* _Data records_
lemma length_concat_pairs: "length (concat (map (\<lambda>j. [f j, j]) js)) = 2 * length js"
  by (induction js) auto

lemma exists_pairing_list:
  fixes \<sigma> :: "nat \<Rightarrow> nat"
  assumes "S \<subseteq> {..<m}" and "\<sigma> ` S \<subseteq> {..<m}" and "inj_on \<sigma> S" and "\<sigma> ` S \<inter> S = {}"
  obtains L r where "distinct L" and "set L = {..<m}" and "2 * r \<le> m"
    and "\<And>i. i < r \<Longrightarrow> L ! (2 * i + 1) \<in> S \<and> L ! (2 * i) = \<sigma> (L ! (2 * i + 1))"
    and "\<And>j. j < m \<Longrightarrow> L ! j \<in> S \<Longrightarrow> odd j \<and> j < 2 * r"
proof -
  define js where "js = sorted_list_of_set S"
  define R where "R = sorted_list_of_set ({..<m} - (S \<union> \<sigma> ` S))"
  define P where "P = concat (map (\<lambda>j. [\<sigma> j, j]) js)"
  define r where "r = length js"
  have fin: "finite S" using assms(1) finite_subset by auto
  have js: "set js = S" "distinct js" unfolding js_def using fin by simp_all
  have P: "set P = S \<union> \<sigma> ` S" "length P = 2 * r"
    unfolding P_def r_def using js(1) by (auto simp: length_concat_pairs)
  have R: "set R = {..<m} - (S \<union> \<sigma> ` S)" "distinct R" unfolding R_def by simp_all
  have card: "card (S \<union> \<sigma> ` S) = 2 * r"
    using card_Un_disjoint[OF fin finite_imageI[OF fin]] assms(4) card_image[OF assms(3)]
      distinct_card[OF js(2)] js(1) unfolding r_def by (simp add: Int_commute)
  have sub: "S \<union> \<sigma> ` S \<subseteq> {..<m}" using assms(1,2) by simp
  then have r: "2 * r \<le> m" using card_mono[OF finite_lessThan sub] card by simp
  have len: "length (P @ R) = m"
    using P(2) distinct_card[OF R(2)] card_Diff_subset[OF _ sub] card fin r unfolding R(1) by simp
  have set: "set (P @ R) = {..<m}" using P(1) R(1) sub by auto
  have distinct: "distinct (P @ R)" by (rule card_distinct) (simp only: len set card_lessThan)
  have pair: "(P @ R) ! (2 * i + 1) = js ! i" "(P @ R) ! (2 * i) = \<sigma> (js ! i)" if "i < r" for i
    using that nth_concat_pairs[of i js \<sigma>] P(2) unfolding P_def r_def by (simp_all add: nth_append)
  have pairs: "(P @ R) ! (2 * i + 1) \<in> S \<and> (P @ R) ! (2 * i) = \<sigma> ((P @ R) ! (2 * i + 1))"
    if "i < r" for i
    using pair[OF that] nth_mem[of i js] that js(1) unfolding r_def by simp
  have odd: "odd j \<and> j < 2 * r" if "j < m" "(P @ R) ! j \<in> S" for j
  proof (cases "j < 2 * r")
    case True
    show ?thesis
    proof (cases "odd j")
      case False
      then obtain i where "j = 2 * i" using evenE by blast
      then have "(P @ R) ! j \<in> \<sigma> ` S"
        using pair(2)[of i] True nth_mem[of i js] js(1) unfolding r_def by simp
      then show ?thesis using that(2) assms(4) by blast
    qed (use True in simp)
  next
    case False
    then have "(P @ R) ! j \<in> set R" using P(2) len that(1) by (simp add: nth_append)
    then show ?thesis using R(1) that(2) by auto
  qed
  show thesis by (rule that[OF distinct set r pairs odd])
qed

==

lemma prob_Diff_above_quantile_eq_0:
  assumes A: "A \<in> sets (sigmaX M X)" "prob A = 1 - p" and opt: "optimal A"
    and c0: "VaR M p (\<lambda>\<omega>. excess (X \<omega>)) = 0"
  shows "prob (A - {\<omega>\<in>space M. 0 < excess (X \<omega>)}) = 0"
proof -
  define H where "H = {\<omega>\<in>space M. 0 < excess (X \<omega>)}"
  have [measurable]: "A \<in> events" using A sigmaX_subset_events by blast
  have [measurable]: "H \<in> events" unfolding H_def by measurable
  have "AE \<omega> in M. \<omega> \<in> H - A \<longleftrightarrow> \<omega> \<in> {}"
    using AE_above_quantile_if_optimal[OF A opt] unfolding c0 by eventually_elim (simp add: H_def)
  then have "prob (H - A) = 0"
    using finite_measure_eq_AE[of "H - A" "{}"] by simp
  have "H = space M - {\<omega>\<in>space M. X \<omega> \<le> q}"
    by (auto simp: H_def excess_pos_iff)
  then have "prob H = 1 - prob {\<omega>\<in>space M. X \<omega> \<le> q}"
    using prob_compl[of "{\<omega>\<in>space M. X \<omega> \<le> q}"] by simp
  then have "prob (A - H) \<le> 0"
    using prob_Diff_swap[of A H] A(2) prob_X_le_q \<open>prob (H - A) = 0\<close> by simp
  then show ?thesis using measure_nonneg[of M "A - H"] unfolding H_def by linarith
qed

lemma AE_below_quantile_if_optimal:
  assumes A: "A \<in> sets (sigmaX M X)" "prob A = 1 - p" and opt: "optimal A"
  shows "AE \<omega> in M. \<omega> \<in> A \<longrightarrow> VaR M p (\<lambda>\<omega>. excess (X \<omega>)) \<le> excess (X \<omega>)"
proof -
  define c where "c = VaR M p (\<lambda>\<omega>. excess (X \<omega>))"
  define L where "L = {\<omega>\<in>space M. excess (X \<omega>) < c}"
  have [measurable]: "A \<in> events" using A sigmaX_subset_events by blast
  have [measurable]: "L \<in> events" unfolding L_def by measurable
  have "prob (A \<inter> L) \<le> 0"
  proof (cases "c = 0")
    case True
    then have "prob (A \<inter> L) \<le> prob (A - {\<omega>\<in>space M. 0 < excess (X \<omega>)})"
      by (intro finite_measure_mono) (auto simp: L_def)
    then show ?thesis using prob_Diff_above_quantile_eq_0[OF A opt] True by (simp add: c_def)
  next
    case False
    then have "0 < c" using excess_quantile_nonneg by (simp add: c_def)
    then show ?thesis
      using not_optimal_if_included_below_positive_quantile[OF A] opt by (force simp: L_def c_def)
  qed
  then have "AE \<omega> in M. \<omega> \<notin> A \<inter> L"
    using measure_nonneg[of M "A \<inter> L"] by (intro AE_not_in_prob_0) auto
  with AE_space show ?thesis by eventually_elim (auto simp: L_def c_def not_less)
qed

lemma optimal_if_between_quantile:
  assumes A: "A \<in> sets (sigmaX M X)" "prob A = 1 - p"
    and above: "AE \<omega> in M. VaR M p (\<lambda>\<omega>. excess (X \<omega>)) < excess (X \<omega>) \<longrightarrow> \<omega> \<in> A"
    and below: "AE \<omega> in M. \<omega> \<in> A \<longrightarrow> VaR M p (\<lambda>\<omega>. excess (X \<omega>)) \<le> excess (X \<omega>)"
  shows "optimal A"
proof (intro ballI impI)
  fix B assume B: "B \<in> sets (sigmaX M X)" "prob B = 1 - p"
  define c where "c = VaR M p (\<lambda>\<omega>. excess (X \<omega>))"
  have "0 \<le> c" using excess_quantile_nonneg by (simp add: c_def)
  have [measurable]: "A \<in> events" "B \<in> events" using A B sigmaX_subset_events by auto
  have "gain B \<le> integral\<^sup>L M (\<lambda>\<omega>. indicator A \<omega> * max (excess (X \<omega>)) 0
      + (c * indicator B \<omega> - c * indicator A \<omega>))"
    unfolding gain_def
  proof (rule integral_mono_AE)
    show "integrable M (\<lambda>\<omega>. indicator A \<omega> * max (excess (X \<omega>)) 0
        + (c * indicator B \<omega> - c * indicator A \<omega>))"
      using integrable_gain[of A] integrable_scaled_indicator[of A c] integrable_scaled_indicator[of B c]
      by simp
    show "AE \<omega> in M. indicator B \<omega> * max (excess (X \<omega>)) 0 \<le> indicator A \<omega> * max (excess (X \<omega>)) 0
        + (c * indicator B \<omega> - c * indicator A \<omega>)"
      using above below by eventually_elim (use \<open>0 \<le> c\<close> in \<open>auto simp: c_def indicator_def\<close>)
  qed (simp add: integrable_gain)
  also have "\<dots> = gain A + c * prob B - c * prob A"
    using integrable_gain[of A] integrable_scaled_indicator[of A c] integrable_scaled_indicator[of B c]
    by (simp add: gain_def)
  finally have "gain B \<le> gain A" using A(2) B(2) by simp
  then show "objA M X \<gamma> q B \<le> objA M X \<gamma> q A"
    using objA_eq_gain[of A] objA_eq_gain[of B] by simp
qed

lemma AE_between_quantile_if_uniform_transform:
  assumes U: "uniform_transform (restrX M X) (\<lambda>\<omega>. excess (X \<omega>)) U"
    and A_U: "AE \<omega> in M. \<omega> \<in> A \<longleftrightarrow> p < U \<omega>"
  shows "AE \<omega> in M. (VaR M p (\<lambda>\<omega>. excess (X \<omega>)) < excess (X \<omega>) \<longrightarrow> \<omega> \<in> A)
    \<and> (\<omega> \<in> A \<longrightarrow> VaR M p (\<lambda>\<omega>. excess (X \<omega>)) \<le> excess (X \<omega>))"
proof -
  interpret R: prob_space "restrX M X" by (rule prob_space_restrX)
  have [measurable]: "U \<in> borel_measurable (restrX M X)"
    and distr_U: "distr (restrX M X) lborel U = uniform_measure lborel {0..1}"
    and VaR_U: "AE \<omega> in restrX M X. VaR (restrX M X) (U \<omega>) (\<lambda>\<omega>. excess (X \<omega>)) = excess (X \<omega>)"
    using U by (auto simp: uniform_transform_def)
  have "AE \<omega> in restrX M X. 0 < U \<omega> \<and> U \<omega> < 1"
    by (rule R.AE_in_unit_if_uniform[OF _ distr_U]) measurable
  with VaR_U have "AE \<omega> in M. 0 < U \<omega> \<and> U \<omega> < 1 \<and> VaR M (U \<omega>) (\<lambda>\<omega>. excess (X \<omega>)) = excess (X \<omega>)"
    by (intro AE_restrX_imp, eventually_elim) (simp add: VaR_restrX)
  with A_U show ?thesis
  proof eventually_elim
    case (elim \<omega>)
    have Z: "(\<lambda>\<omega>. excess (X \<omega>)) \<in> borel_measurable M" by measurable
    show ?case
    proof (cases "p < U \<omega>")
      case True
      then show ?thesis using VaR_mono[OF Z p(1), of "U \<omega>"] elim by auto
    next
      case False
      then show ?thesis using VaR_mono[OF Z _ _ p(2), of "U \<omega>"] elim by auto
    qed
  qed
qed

* _Exercise prompt_
Nothing but a number is expected here: how many lines above include the string "cases".

* _Result of this task_
4